Шикамару, который до этого момента расслабленно сидел у огня, мгновенно подобрался. Его голова резко поднялась, глаза чуть прищурились, все его движения стали какими-то резкими, собранными, будто он в одно мгновение переключился в режим полной боевой готовности.

— Да, слышал, — коротко, почти небрежно, ответил он, быстро выпрямляясь и напряжённо вслушиваясь в ночную тишину. — Это собаки.

— Собаки?! — Мари резко, почти панически, обернулась, пытаясь разглядеть хоть что-нибудь в густой, непроглядной темноте за пределами их небольшого, уютного костра. — А-а… в смысле?... Какие ещё собаки? Откуда они здесь?

— Бродячие, скорее всего. Голодные. И, судя по всему, не одна, а целая стая. А по тону этого их рычания — ещё и очень злые, агрессивные.

Он на мгновение замер, прислушиваясь. Огонь в костре тихо потрескивал, разбрасывая вокруг себя причудливые, пляшущие тени, воздух был совершенно неподвижен, ни единого дуновения ветерка. Но где-то там — на востоке, чуть ближе к самому краю леса, уже не у развалин старой скотобазы, но и не совсем в глубине лесной чащи, определённо что-то происходило.
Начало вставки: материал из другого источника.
lemma square_dvd_geometric_sum_minus:
  fixes z :: int and p :: nat
  assumes "odd p" "int p dvd z - 1"
  shows "int p ^ 2 dvd (\<Sum>i<p. z^i) - int p"
proof -
  have "[z = 1] (mod int p)" using assms(2) by (simp add: cong_iff_dvd_diff)
  then have cong: "[(\<Sum>i<p. \<Sum>j<i. z^j) = (\<Sum>i<p. int i)] (mod int p)"
    by (intro cong_sum geometric_sum_cong)
  have "int p dvd (\<Sum>i<p. int i)"
  proof -
    obtain k where k: "p = 2 * k + 1" using assms(1) oddE by blast
    have "(\<Sum>i<2*k+1. i) = (2*k + 1) * k"
      by (induction k) (simp_all add: algebra_simps)
    then have "(\<Sum>i<p. i) = p * k" using k by simp
    then show ?thesis by (simp flip: of_nat_sum)
  qed
  then have "int p dvd (\<Sum>i<p. \<Sum>j<i. z^j)" using cong_dvd_iff[OF cong] by blast
  then have "int p * int p dvd (z - 1) * (\<Sum>i<p. \<Sum>j<i. z^j)"
    using assms(2) by (simp add: mult_dvd_mono)
  also have "(z - 1) * (\<Sum>i<p. \<Sum>j<i. z^j) = (\<Sum>i<p. z^i - 1)"
    by (simp add: power_diff_1_eq sum_distrib_left)
  also have "\<dots> = (\<Sum>i<p. z^i) - int p"
    by (simp add: sum_subtractf)
  finally show ?thesis by (simp only: power2_eq_square)
qed

lemma multiplicity_of_nat: "multiplicity (int p) (int n) = multiplicity p n"
proof -
  have "int p ^ k dvd int n \<longleftrightarrow> p ^ k dvd n" for k
    by (metis int_dvd_int_iff of_nat_power)
  then show ?thesis by (simp add: multiplicity_def)
qed

lemma multiplicity_geometric_sum_prime:
  fixes z :: int and p q :: nat
  assumes p: "prime p" "odd p" and z: "int p dvd z - 1" and q: "prime q"
  shows "multiplicity (int p) (\<Sum>i<q. z^i) = of_bool (p = q)"
proof (cases "p = q")
  case False
  have "[z = 1] (mod int p)" using z by (simp add: cong_iff_dvd_diff)
  then have "[(\<Sum>i<q. z^i) = int q] (mod int p)" by (rule geometric_sum_cong)
  moreover have "\<not> int p dvd int q" using False primes_dvd_imp_eq[OF p(1) q] by auto
  ultimately have "\<not> int p dvd (\<Sum>i<q. z^i)" using cong_dvd_iff by blast
  then show ?thesis using False by (simp add: not_dvd_imp_multiplicity_0)
next
  case True
  define Y where "Y = (\<Sum>i<q. z^i)"
  have d: "int p ^ 2 dvd Y - int p"
    unfolding Y_def using square_dvd_geometric_sum_minus[OF p(2) z] True by simp
  then have "int p dvd Y - int p" by (rule dvd_trans[rotated]) (simp add: power2_eq_square)
  then have "int p ^ 1 dvd Y" using dvd_add[OF _ dvd_refl[of "int p"]] by fastforce
  moreover have "\<not> int p ^ Suc 1 dvd Y"
  proof
    assume "int p ^ Suc 1 dvd Y"
    then have "int p ^ 2 dvd Y" by (simp add: power2_eq_square)
    then have "int p ^ 2 dvd int p" using dvd_diff[OF _ d] by fastforce
    then have "int p * int p dvd int p * 1" by (simp add: power2_eq_square)
    then have "int p dvd 1" using prime_gt_0_nat[OF p(1)] by (simp only: dvd_times_left_cancel_iff)
    then show False using prime_gt_1_nat[OF p(1)] by simp
  qed
  ultimately show ?thesis using True by (simp add: Y_def multiplicity_eqI)
qed

lemma multiplicity_pow_plus1_prime:
  fixes x p q :: nat
  assumes p: "prime p" "odd p" "p dvd x + 1" and q: "prime q" "odd q"
  shows "multiplicity p (x^q + 1) = multiplicity p (x + 1) + of_bool (p = q)"
proof -
  define Y where "Y = (\<Sum>i<q. (- int x)^i)"
  have factor: "int (x^q + 1) = int (x + 1) * Y"
    unfolding Y_def by (rule pow_plus1_factor[OF q(2)])
  moreover have "int (x^q + 1) \<noteq> 0" by (simp only: of_nat_eq_0_iff)
  ultimately have "Y \<noteq> 0" by auto
  have "- int x - 1 = - int (x + 1)" by simp
  then have "int p dvd - int x - 1" using p(3) by (simp only: dvd_minus_iff int_dvd_int_iff)
  then have mY: "multiplicity (int p) Y = of_bool (p = q)"
    unfolding Y_def using multiplicity_geometric_sum_prime[OF p(1,2) _ q(1)] by simp
  have "multiplicity p (x^q + 1) = multiplicity (int p) (int (x + 1) * Y)"
    by (simp only: multiplicity_of_nat flip: factor)
  also have "\<dots> = multiplicity p (x + 1) + multiplicity (int p) Y"
    using \<open>Y \<noteq> 0\<close> p(1) multiplicity_of_nat[of p "x + 1"]
    by (simp add: prime_elem_multiplicity_mult_distrib)
  finally show ?thesis using mY by simp
qed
Что-то такое, что заставило этих бродячих собак сначала угрожающе зарычать, а потом… потом как будто резко напрячься, приготовиться к атаке.

Шикамару слегка наклонился к всё ещё не пришедшей в себя от страха сестре, его голос прозвучал на удивление спокойно и уверенно:

— Пойдём, посмотрим, что там такое. Только очень осторожно, с безопасного расстояния. Не бойся, мы просто понаблюдаем со стороны. Если что — сразу же бегом сюда, обратно, костёр и палатка нас хоть как-то, но прикроют.

— Ты что, совсем с ума сошёл?! — Мари, при всей своей показной, напускной смелости и язвительности, отшатнулась от него, как от прокажённого. — Ты же сам только что сказал: собаки злые! Голодные! Целая стая! Я не хочу, чтобы меня там сожрали заживо! А если это… если это вообще… не собаки? Если это… тот самый пастух? Помнишь, ты рассказывал?

— Какой ещё, к чёрту, пастух, Мари? Ты о чём вообще? — он непонимающе нахмурился.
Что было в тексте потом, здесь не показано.